8.2 Mean Absolute Error (L1 loss)

\[MAE = \frac{1}{n}\sum_{i=1}^n |e_i|\]

8.3 Mean Squared Error (L2 loss)

\[MSE = \frac{1}{n}\sum_{i=1}^n e^2_i\]

8.4 Mean Percentage Error

\[MPE = \frac{1}{n}\sum_{i=1}^n \frac{e_i}{y_i}\]

8.5 Mean Absolute Percentage Error

\[MAPE = \frac{1}{n}\sum_{i=1}^n |\frac{e_i}{y_i}|\]

8.6 Root Mean Squared Error

\[RMSE = \sqrt{\frac{1}{n}\sum_{i=1}^n e^2_i}\]

8.7 Visualizaion of error distribution

Graphical representations reveal more than metrics alone.
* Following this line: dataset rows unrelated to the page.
(* Let $(W,\operatorname{supp}^W)$ be a PO-dilator and let $X$ be a partial order. Then every $\sigma\in W(X)$ has a unique normal form $\sigma=_{\mathrm{NF}}W(\iota_a)(\sigma_0)$, i.e. there are unique $a\in[X]^{<\omega}$ and $\sigma_0\in W(a)$ with $\sigma=W(\iota_a)(\sigma_0)$ and $\operatorname{supp}^W_a(\sigma_0)=a$. Moreover, for this normal form we have $a=\operatorname{supp}^W_X(\sigma)$.
   Context: A quasi embedding between partial orders $X,Y$ is a function $f:X\to Y$ such that $f(x)\leq_Y f(y)$ implies $x\leq_X y$; it is an embedding if the converse implication also holds. $\mathrm{PO}$ is the category of partial orders with quasi embeddings as morphisms. For a set $X$, $[X]^{<\omega}$ is the set of finite subsets of $X$, and for $f:X\to Y$ we put $[f]^{<\omega}(a)=\{f(x)\mid x\in a\}$. Subsets of partial orders are regarded as suborders; for $a\subseteq X$, $\iota_a:a\hookrightarrow X$ is the inclusion. A PO-dilator consists of a functor $W:\mathrm{PO}\to\mathrm{PO}$ such that $W(f)$ is an embedding whenever $f$ is an embedding, together with a natural transformation $\operatorname{supp}^W:W\Rightarrow[\cdot]^{<\omega}$ (functions $\operatorname{supp}^W_X:W(X)\to[X]^{<\omega}$ with $\operatorname{supp}^W_Y\circ W(f)=[f]^{<\omega}\circ\operatorname{supp}^W_X$ for all quasi embeddings $f:X\to Y$) satisfying the support condition: for every embedding $f:X\to Y$, $\operatorname{rng}(W(f))=\{\sigma\in W(Y)\mid \operatorname{supp}^W_Y(\sigma)\subseteq\operatorname{rng}(f)\}$. *)

theory Defs
  imports Main
begin

text \<open>A partial order is represented by its (reflexive) order relation r;
its carrier is Field r.  Elements of all partial orders in the domain
category live in one ambient type 'u, those of the images in one type 'v.\<close>

definition is_po :: "'a rel \<Rightarrow> bool" where
  "is_po r \<longleftrightarrow> (\<forall>x\<in>Field r. (x, x) \<in> r) \<and> antisym r \<and> trans r"

definition restr :: "'a rel \<Rightarrow> 'a set \<Rightarrow> 'a rel" where
  "restr r a = r \<inter> (a \<times> a)"

definition quasi_emb :: "'a rel \<Rightarrow> 'b rel \<Rightarrow> ('a \<Rightarrow> 'b) \<Rightarrow> bool" where
  "quasi_emb r s f \<longleftrightarrow> f ` Field r \<subseteq> Field s \<and>
     (\<forall>x\<in>Field r. \<forall>y\<in>Field r. (f x, f y) \<in> s \<longrightarrow> (x, y) \<in> r)"

definition emb :: "'a rel \<Rightarrow> 'b rel \<Rightarrow> ('a \<Rightarrow> 'b) \<Rightarrow> bool" where
  "emb r s f \<longleftrightarrow> f ` Field r \<subseteq> Field s \<and>
     (\<forall>x\<in>Field r. \<forall>y\<in>Field r. (f x, f y) \<in> s \<longleftrightarrow> (x, y) \<in> r)"

text \<open>A PO-dilator: object map Wo, morphism map Wm (taking domain, codomain and
the underlying function of a quasi embedding), and support transformation supp.\<close>
definition po_dilator ::
  "('u rel \<Rightarrow> 'v rel) \<Rightarrow> ('u rel \<Rightarrow> 'u rel \<Rightarrow> ('u \<Rightarrow> 'u) \<Rightarrow> 'v \<Rightarrow> 'v)
   \<Rightarrow> ('u rel \<Rightarrow> 'v \<Rightarrow> 'u set) \<Rightarrow> bool" where
  "po_dilator Wo Wm supp \<longleftrightarrow>
     \<comment> \<open>W maps partial orders to partial orders\<close>
     (\<forall>X. is_po X \<longrightarrow> is_po (Wo X)) \<and>
     \<comment> \<open>W maps quasi embeddings to quasi embeddings\<close>
     (\<forall>X Y f. is_po X \<and> is_po Y \<and> quasi_emb X Y f \<longrightarrow> quasi_emb (Wo X) (Wo Y) (Wm X Y f)) \<and>
     \<comment> \<open>W f depends only on the morphism (f restricted to the carrier)\<close>
     (\<forall>X Y f g. is_po X \<and> is_po Y \<and> quasi_emb X Y f \<and> (\<forall>x\<in>Field X. f x = g x)
        \<longrightarrow> (\<forall>\<sigma>\<in>Field (Wo X). Wm X Y f \<sigma> = Wm X Y g \<sigma>)) \<and>
     \<comment> \<open>functoriality: identities\<close>
     (\<forall>X. is_po X \<longrightarrow> (\<forall>\<sigma>\<in>Field (Wo X). Wm X X id \<sigma> = \<sigma>)) \<and>
     \<comment> \<open>functoriality: composition\<close>
     (\<forall>X Y Z f g. is_po X \<and> is_po Y \<and> is_po Z \<and> quasi_emb X Y f \<and> quasi_emb Y Z g
        \<longrightarrow> (\<forall>\<sigma>\<in>Field (Wo X). Wm X Z (g \<circ> f) \<sigma> = Wm Y Z g (Wm X Y f \<sigma>))) \<and>
     \<comment> \<open>embeddings are preserved\<close>
     (\<forall>X Y f. is_po X \<and> is_po Y \<and> emb X Y f \<longrightarrow> emb (Wo X) (Wo Y) (Wm X Y f)) \<and>
     \<comment> \<open>supp_X : W(X) \<rightarrow> [X]^<omega>\<close>
     (\<forall>X. is_po X \<longrightarrow> (\<forall>\<sigma>\<in>Field (Wo X). finite (supp X \<sigma>) \<and> supp X \<sigma> \<subseteq> Field X)) \<and>
     \<comment> \<open>naturality of supp\<close>
     (\<forall>X Y f. is_po X \<and> is_po Y \<and> quasi_emb X Y f
        \<longrightarrow> (\<forall>\<sigma>\<in>Field (Wo X). supp Y (Wm X Y f \<sigma>) = f ` supp X \<sigma>)) \<and>
     \<comment> \<open>support condition\<close>
     (\<forall>X Y f. is_po X \<and> is_po Y \<and> emb X Y f
        \<longrightarrow> Wm X Y f ` Field (Wo X) = {\<sigma> \<in> Field (Wo Y). supp Y \<sigma> \<subseteq> f ` Field X})"

end

theory Submission
  imports Defs
begin

text \<open>Naturality of the support along the inclusion \<open>\<iota>\<^sub>a\<close> shows that any normal form
\<open>\<sigma> = W(\<iota>\<^sub>a)(\<sigma>\<^sub>0)\<close> has \<open>a = supp\<^sub>X(\<sigma>)\<close>. Conversely, with \<open>a = supp\<^sub>X(\<sigma>)\<close> the support
condition puts \<sigma> into the range of \<open>W(\<iota>\<^sub>a)\<close>, and naturality again gives
\<open>supp\<^sub>a(\<sigma>\<^sub>0) = a\<close>. Uniqueness of \<open>\<sigma>\<^sub>0\<close> holds because \<open>W(\<iota>\<^sub>a)\<close> is an embedding of partial
orders, hence injective.\<close>

lemma Field_restr:
  assumes "is_po X" "a \<subseteq> Field X"
  shows "Field (restr X a) = a"
proof
  show "Field (restr X a) \<subseteq> a" unfolding restr_def Field_def by auto
  show "a \<subseteq> Field (restr X a)"
  proof
    fix x assume "x \<in> a"
    then have "(x, x) \<in> restr X a" using assms unfolding is_po_def restr_def by auto
    then show "x \<in> Field (restr X a)" by (auto simp: Field_def)
  qed
qed

lemma is_po_restr:
  assumes "is_po X" "a \<subseteq> Field X"
  shows "is_po (restr X a)"
  using assms Field_restr[OF assms] unfolding is_po_def restr_def antisym_def trans_def
  by auto

lemma emb_restr_id:
  assumes "is_po X" "a \<subseteq> Field X"
  shows "emb (restr X a) X id"
  using assms Field_restr[OF assms] unfolding emb_def restr_def by auto

lemma emb_imp_quasi_emb: "emb r s f \<Longrightarrow> quasi_emb r s f"
  unfolding emb_def quasi_emb_def by auto

lemma emb_inj_on:
  assumes "is_po s" "antisym r" "emb r s f"
  shows "inj_on f (Field r)"
proof (rule inj_onI)
  fix x y assume x: "x \<in> Field r" and y: "y \<in> Field r" and eq: "f x = f y"
  have "f x \<in> Field s" using assms(3) x unfolding emb_def by auto
  then have "(f x, f x) \<in> s" using assms(1) unfolding is_po_def by auto
  then have "(f x, f y) \<in> s" "(f y, f x) \<in> s" using eq by auto
  then have "(x, y) \<in> r" "(y, x) \<in> r" using assms(3) x y unfolding emb_def by auto
  then show "x = y" using assms(2) unfolding antisym_def by auto
qed

definition normal_form ::
  "('u rel \<Rightarrow> 'v rel) \<Rightarrow> ('u rel \<Rightarrow> 'u rel \<Rightarrow> ('u \<Rightarrow> 'u) \<Rightarrow> 'v \<Rightarrow> 'v)
   \<Rightarrow> ('u rel \<Rightarrow> 'v \<Rightarrow> 'u set) \<Rightarrow> 'u rel \<Rightarrow> 'v \<Rightarrow> 'u set \<Rightarrow> 'v \<Rightarrow> bool" where
  "normal_form Wo Wm supp X \<sigma> a \<sigma>0 \<longleftrightarrow>
     finite a \<and> a \<subseteq> Field X \<and> \<sigma>0 \<in> Field (Wo (restr X a)) \<and>
     \<sigma> = Wm (restr X a) X id \<sigma>0 \<and> supp (restr X a) \<sigma>0 = a"

context
  fixes Wo :: "'u rel \<Rightarrow> 'v rel"
    and Wm :: "'u rel \<Rightarrow> 'u rel \<Rightarrow> ('u \<Rightarrow> 'u) \<Rightarrow> 'v \<Rightarrow> 'v"
    and supp :: "'u rel \<Rightarrow> 'v \<Rightarrow> 'u set"
  assumes dilator: "po_dilator Wo Wm supp"
begin

lemma is_po_Wo: "is_po X \<Longrightarrow> is_po (Wo X)"
  using dilator[unfolded po_dilator_def] by (elim conjE; simp)

lemma emb_Wm: "is_po X \<Longrightarrow> is_po Y \<Longrightarrow> emb X Y f \<Longrightarrow> emb (Wo X) (Wo Y) (Wm X Y f)"
  using dilator[unfolded po_dilator_def] by (elim conjE; simp)

lemma supp_finite_subset:
  "is_po X \<Longrightarrow> \<sigma> \<in> Field (Wo X) \<Longrightarrow> finite (supp X \<sigma>) \<and> supp X \<sigma> \<subseteq> Field X"
  using dilator[unfolded po_dilator_def] by (elim conjE; simp)

lemma supp_Wm:
  "is_po X \<Longrightarrow> is_po Y \<Longrightarrow> quasi_emb X Y f \<Longrightarrow> \<sigma> \<in> Field (Wo X)
    \<Longrightarrow> supp Y (Wm X Y f \<sigma>) = f ` supp X \<sigma>"
  using dilator[unfolded po_dilator_def] by (elim conjE; simp)

lemma range_Wm_emb:
  "is_po X \<Longrightarrow> is_po Y \<Longrightarrow> emb X Y f
    \<Longrightarrow> Wm X Y f ` Field (Wo X) = {\<sigma> \<in> Field (Wo Y). supp Y \<sigma> \<subseteq> f ` Field X}"
  using dilator[unfolded po_dilator_def] by (elim conjE; simp)

lemma supp_Wm_restr_id:
  assumes "is_po X" "a \<subseteq> Field X" "\<sigma>0 \<in> Field (Wo (restr X a))"
  shows "supp X (Wm (restr X a) X id \<sigma>0) = supp (restr X a) \<sigma>0"
  using supp_Wm[OF is_po_restr[OF assms(1,2)] assms(1)
      emb_imp_quasi_emb[OF emb_restr_id[OF assms(1,2)]] assms(3)]
  by simp

lemma inj_on_Wm_restr_id:
  assumes "is_po X" "a \<subseteq> Field X"
  shows "inj_on (Wm (restr X a) X id) (Field (Wo (restr X a)))"
proof (rule emb_inj_on)
  show "is_po (Wo X)" using is_po_Wo[OF assms(1)] .
  show "antisym (Wo (restr X a))" using is_po_Wo[OF is_po_restr[OF assms]] unfolding is_po_def by blast
  show "emb (Wo (restr X a)) (Wo X) (Wm (restr X a) X id)"
    using emb_Wm[OF is_po_restr[OF assms] assms(1) emb_restr_id[OF assms]] .
qed

lemma normal_form_supp:
  assumes "is_po X" "normal_form Wo Wm supp X \<sigma> a \<sigma>0"
  shows "a = supp X \<sigma>"
  using assms supp_Wm_restr_id unfolding normal_form_def by auto

lemma normal_form_exists:
  assumes X: "is_po X" and \<sigma>: "\<sigma> \<in> Field (Wo X)"
  shows "\<exists>\<sigma>0. normal_form Wo Wm supp X \<sigma> (supp X \<sigma>) \<sigma>0"
proof -
  let ?a = "supp X \<sigma>"
  have a: "finite ?a" "?a \<subseteq> Field X" using supp_finite_subset[OF X \<sigma>] by auto
  have "\<sigma> \<in> Wm (restr X ?a) X id ` Field (Wo (restr X ?a))"
    unfolding range_Wm_emb[OF is_po_restr[OF X a(2)] X emb_restr_id[OF X a(2)]]
    using \<sigma> by (simp add: Field_restr[OF X a(2)])
  then obtain \<sigma>0 where \<sigma>0: "\<sigma>0 \<in> Field (Wo (restr X ?a))" "\<sigma> = Wm (restr X ?a) X id \<sigma>0"
    by blast
  have "supp (restr X ?a) \<sigma>0 = ?a"
    using supp_Wm_restr_id[OF X a(2) \<sigma>0(1)] \<sigma>0(2) by simp
  then show ?thesis using a \<sigma>0 unfolding normal_form_def by blast
qed

lemma normal_form_unique:
  assumes X: "is_po X"
    and a: "normal_form Wo Wm supp X \<sigma> a \<sigma>0" and b: "normal_form Wo Wm supp X \<sigma> b \<tau>0"
  shows "a = b \<and> \<sigma>0 = \<tau>0"
proof -
  have "a = b" using normal_form_supp[OF X a] normal_form_supp[OF X b] by simp
  moreover have "\<sigma>0 = \<tau>0"
  proof (rule inj_onD[OF inj_on_Wm_restr_id[OF X]])
    show "a \<subseteq> Field X" "\<sigma>0 \<in> Field (Wo (restr X a))"
      using a unfolding normal_form_def by auto
    show "Wm (restr X a) X id \<sigma>0 = Wm (restr X a) X id \<tau>0" "\<tau>0 \<in> Field (Wo (restr X a))"
      using a b \<open>a = b\<close> unfolding normal_form_def by auto
  qed
  ultimately show ?thesis ..
qed

end

theorem lemma2p2:
  fixes Wo :: "'u rel \<Rightarrow> 'v rel"
    and Wm :: "'u rel \<Rightarrow> 'u rel \<Rightarrow> ('u \<Rightarrow> 'u) \<Rightarrow> 'v \<Rightarrow> 'v"
    and supp :: "'u rel \<Rightarrow> 'v \<Rightarrow> 'u set"
    and X :: "'u rel" and \<sigma> :: 'v
  assumes "po_dilator Wo Wm supp"
    and "is_po X"
    and "\<sigma> \<in> Field (Wo X)"
  shows "(\<exists>!p. finite (fst p) \<and> fst p \<subseteq> Field X \<and>
              snd p \<in> Field (Wo (restr X (fst p))) \<and>
              \<sigma> = Wm (restr X (fst p)) X id (snd p) \<and>
              supp (restr X (fst p)) (snd p) = fst p)
       \<and> (\<forall>a \<sigma>0. finite a \<and> a \<subseteq> Field X \<and> \<sigma>0 \<in> Field (Wo (restr X a)) \<and>
              \<sigma> = Wm (restr X a) X id \<sigma>0 \<and> supp (restr X a) \<sigma>0 = a
              \<longrightarrow> a = supp X \<sigma>)"
proof -
  let ?NF = "normal_form Wo Wm supp X \<sigma>"
  obtain \<sigma>0 where "?NF (supp X \<sigma>) \<sigma>0"
    using normal_form_exists[OF assms] by blast
  moreover have "p = (supp X \<sigma>, \<sigma>0)" if "?NF (fst p) (snd p)" for p
    using normal_form_unique[OF assms(1,2) that \<open>?NF (supp X \<sigma>) \<sigma>0\<close>] by (simp add: prod_eq_iff)
  ultimately have "\<exists>!p. ?NF (fst p) (snd p)"
    by (intro ex1I[of _ "(supp X \<sigma>, \<sigma>0)"]) auto
  moreover have "\<forall>a \<sigma>0. ?NF a \<sigma>0 \<longrightarrow> a = supp X \<sigma>"
    using normal_form_supp[OF assms(1,2)] by blast
  ultimately show ?thesis unfolding normal_form_def by (rule conjI)
qed

end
8.8 Accuracy Measures on Training Set vs Test Set

Accuracy measure on training set: Tells about the model fit

Accuracy measure on test set: Model ability to predict new data

8.9 Evaluate Classifier Against Benchmark

Naive approach: approach relies soley on \(Y\)

Outcome: Numeric

Naive Benchmark: Average (\(\bar{Y}\))

A good prediction model should outperform the benchmark criterion in terms of predictive accuracy.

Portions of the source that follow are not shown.